EXERCISE AIM: Where the word "induction" occurs in a line of the listing below, copy that line.

DATA FOR THIS EXERCISE:
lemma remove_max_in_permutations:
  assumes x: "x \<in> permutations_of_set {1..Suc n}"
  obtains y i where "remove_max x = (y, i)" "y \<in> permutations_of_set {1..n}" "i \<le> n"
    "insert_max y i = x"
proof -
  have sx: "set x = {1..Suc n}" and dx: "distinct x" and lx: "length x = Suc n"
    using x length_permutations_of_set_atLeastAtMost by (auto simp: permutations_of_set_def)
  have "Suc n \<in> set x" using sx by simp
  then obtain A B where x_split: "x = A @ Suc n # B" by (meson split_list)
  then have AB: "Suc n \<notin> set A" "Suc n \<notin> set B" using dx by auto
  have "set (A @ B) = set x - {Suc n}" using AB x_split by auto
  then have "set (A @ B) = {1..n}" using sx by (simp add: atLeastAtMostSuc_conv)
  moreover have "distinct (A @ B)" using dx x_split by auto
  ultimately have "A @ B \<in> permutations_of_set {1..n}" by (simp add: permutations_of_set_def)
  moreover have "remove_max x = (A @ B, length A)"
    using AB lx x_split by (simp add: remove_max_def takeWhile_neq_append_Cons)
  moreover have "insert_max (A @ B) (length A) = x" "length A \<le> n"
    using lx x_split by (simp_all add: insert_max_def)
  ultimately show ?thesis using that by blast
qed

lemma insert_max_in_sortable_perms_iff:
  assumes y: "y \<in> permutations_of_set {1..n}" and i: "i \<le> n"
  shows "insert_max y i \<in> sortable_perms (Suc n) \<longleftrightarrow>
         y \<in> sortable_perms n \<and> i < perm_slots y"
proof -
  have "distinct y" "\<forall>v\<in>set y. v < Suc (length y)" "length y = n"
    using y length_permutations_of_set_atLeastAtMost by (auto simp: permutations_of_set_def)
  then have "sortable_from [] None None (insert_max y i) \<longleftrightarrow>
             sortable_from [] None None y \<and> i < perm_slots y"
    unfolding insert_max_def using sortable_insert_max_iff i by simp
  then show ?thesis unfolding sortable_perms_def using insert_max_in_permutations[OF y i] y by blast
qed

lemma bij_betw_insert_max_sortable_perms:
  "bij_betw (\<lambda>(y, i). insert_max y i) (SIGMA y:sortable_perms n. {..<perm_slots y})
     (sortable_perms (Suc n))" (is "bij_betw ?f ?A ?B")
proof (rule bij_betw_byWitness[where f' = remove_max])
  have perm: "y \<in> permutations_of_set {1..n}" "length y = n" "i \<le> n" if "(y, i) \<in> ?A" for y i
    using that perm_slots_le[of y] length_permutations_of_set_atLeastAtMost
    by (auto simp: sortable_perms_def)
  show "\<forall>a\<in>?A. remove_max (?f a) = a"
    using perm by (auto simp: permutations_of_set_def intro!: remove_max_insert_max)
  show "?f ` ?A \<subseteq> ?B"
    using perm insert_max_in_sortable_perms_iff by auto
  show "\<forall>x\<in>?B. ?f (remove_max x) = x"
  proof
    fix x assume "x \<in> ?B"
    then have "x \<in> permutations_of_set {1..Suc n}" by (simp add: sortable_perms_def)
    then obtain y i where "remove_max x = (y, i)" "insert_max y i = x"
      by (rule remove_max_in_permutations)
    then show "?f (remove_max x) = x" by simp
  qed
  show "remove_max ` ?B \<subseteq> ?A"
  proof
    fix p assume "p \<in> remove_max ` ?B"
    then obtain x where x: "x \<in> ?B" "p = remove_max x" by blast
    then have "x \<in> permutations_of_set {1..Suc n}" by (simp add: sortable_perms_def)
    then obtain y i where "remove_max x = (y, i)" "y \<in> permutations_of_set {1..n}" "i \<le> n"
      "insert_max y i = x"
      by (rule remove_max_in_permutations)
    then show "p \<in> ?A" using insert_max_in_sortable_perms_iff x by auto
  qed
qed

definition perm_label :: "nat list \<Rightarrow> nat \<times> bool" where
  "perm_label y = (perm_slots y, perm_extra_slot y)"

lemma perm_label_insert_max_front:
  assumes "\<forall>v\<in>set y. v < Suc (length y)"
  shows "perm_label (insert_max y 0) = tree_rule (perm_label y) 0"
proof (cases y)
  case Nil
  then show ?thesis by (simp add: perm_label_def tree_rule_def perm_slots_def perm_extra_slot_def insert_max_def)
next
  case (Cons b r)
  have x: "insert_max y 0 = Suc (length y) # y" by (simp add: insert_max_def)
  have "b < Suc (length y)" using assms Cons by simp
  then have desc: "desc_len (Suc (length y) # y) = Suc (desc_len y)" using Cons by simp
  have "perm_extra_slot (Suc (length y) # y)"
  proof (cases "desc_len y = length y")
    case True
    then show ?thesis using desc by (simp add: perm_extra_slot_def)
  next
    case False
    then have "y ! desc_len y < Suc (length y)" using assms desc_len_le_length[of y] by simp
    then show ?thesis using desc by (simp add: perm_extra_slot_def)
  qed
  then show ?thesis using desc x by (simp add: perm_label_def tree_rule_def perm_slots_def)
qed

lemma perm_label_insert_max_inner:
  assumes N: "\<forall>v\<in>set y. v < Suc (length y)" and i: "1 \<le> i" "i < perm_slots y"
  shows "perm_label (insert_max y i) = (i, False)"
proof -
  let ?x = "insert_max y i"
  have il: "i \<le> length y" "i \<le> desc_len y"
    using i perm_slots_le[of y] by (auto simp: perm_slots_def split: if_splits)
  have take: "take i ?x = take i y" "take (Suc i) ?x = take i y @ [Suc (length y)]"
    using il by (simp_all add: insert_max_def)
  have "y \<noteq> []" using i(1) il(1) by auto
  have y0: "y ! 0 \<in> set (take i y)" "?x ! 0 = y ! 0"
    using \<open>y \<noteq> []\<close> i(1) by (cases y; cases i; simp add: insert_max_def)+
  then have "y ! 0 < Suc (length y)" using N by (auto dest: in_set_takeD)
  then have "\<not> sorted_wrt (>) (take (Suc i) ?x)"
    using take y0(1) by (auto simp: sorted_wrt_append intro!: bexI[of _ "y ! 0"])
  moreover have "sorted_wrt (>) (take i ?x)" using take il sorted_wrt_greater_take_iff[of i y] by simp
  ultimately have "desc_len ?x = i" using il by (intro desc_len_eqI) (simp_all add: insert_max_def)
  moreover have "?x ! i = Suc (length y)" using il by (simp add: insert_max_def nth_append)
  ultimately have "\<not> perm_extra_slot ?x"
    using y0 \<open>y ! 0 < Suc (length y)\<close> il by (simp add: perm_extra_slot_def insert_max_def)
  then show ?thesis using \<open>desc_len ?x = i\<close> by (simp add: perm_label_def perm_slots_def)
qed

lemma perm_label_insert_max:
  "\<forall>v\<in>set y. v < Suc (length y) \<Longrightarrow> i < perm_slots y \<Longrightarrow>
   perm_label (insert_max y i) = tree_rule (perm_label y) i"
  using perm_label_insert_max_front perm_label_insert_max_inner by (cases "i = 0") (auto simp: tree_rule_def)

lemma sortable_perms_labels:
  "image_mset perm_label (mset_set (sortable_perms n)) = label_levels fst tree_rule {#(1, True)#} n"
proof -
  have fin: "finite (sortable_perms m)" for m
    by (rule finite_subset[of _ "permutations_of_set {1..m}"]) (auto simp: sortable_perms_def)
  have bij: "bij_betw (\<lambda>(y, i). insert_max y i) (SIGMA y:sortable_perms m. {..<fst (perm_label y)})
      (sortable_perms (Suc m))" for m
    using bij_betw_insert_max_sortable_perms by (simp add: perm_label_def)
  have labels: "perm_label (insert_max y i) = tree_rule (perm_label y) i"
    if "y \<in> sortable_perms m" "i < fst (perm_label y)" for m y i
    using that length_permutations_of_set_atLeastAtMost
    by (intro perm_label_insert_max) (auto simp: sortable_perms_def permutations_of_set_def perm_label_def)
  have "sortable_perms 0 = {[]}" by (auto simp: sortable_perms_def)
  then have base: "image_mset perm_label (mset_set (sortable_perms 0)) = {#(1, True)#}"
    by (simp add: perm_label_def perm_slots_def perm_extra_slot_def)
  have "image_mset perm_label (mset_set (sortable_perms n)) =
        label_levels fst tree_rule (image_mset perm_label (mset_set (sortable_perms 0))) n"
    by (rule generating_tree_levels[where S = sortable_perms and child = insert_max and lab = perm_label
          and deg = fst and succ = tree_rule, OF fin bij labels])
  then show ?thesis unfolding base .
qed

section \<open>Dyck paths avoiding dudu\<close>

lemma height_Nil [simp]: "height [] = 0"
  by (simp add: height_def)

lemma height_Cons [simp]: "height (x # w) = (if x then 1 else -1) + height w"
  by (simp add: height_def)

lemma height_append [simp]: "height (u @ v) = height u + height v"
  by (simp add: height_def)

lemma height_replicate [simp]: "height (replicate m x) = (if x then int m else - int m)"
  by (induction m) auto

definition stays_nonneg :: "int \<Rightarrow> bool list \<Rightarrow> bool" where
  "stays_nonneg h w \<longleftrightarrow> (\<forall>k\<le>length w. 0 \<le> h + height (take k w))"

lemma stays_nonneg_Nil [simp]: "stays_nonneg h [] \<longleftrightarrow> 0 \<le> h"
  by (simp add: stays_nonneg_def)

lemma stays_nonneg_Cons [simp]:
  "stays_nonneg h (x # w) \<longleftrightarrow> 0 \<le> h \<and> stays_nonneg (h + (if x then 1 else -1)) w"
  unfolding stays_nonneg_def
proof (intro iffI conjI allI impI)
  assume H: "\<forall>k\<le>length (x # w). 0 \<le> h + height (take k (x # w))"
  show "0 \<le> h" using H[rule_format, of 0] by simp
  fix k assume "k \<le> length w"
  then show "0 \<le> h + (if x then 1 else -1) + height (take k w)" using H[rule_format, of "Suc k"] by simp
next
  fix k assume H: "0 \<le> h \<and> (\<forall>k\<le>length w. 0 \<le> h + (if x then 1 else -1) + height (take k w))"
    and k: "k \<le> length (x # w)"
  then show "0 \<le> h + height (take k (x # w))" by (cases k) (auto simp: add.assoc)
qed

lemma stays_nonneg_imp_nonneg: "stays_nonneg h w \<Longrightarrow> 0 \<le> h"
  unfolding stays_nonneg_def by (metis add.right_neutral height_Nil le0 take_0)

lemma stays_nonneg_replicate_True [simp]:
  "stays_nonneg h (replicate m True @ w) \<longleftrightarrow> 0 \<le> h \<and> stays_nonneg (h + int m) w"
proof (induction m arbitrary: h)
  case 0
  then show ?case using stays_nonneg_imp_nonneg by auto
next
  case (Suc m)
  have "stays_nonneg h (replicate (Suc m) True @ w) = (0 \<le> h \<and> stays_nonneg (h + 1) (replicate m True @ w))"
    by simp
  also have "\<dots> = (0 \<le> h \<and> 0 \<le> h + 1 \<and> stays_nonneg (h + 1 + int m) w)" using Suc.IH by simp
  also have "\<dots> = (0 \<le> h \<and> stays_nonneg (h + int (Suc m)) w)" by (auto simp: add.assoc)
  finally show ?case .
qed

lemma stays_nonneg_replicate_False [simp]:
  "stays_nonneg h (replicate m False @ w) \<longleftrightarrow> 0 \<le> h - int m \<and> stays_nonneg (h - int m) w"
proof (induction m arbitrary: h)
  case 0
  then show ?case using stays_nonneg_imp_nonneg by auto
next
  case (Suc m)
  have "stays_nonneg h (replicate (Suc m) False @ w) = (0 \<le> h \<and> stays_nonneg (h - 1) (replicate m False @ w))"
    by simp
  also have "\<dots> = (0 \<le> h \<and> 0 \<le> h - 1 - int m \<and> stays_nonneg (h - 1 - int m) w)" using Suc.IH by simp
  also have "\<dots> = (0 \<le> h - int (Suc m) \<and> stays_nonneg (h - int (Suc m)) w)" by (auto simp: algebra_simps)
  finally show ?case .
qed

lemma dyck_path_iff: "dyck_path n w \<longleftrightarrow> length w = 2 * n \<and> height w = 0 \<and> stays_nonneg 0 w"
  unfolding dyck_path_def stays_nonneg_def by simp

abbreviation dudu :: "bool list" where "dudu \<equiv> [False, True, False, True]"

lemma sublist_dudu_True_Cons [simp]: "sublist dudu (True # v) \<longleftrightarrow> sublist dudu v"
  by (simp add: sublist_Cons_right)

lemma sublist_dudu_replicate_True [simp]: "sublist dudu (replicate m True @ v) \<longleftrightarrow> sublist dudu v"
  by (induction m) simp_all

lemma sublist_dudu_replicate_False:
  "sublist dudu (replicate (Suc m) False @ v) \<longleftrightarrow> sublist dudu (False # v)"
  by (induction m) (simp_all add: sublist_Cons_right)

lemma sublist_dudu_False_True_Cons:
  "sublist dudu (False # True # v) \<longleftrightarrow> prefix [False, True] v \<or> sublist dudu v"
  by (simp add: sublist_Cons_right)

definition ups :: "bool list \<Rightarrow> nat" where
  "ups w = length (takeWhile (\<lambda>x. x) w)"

ANSWER FOR THIS EXERCISE:
  by (induction m) auto
proof (induction m arbitrary: h)
proof (induction m arbitrary: h)
  by (induction m) simp_all
  by (induction m) (simp_all add: sublist_Cons_right)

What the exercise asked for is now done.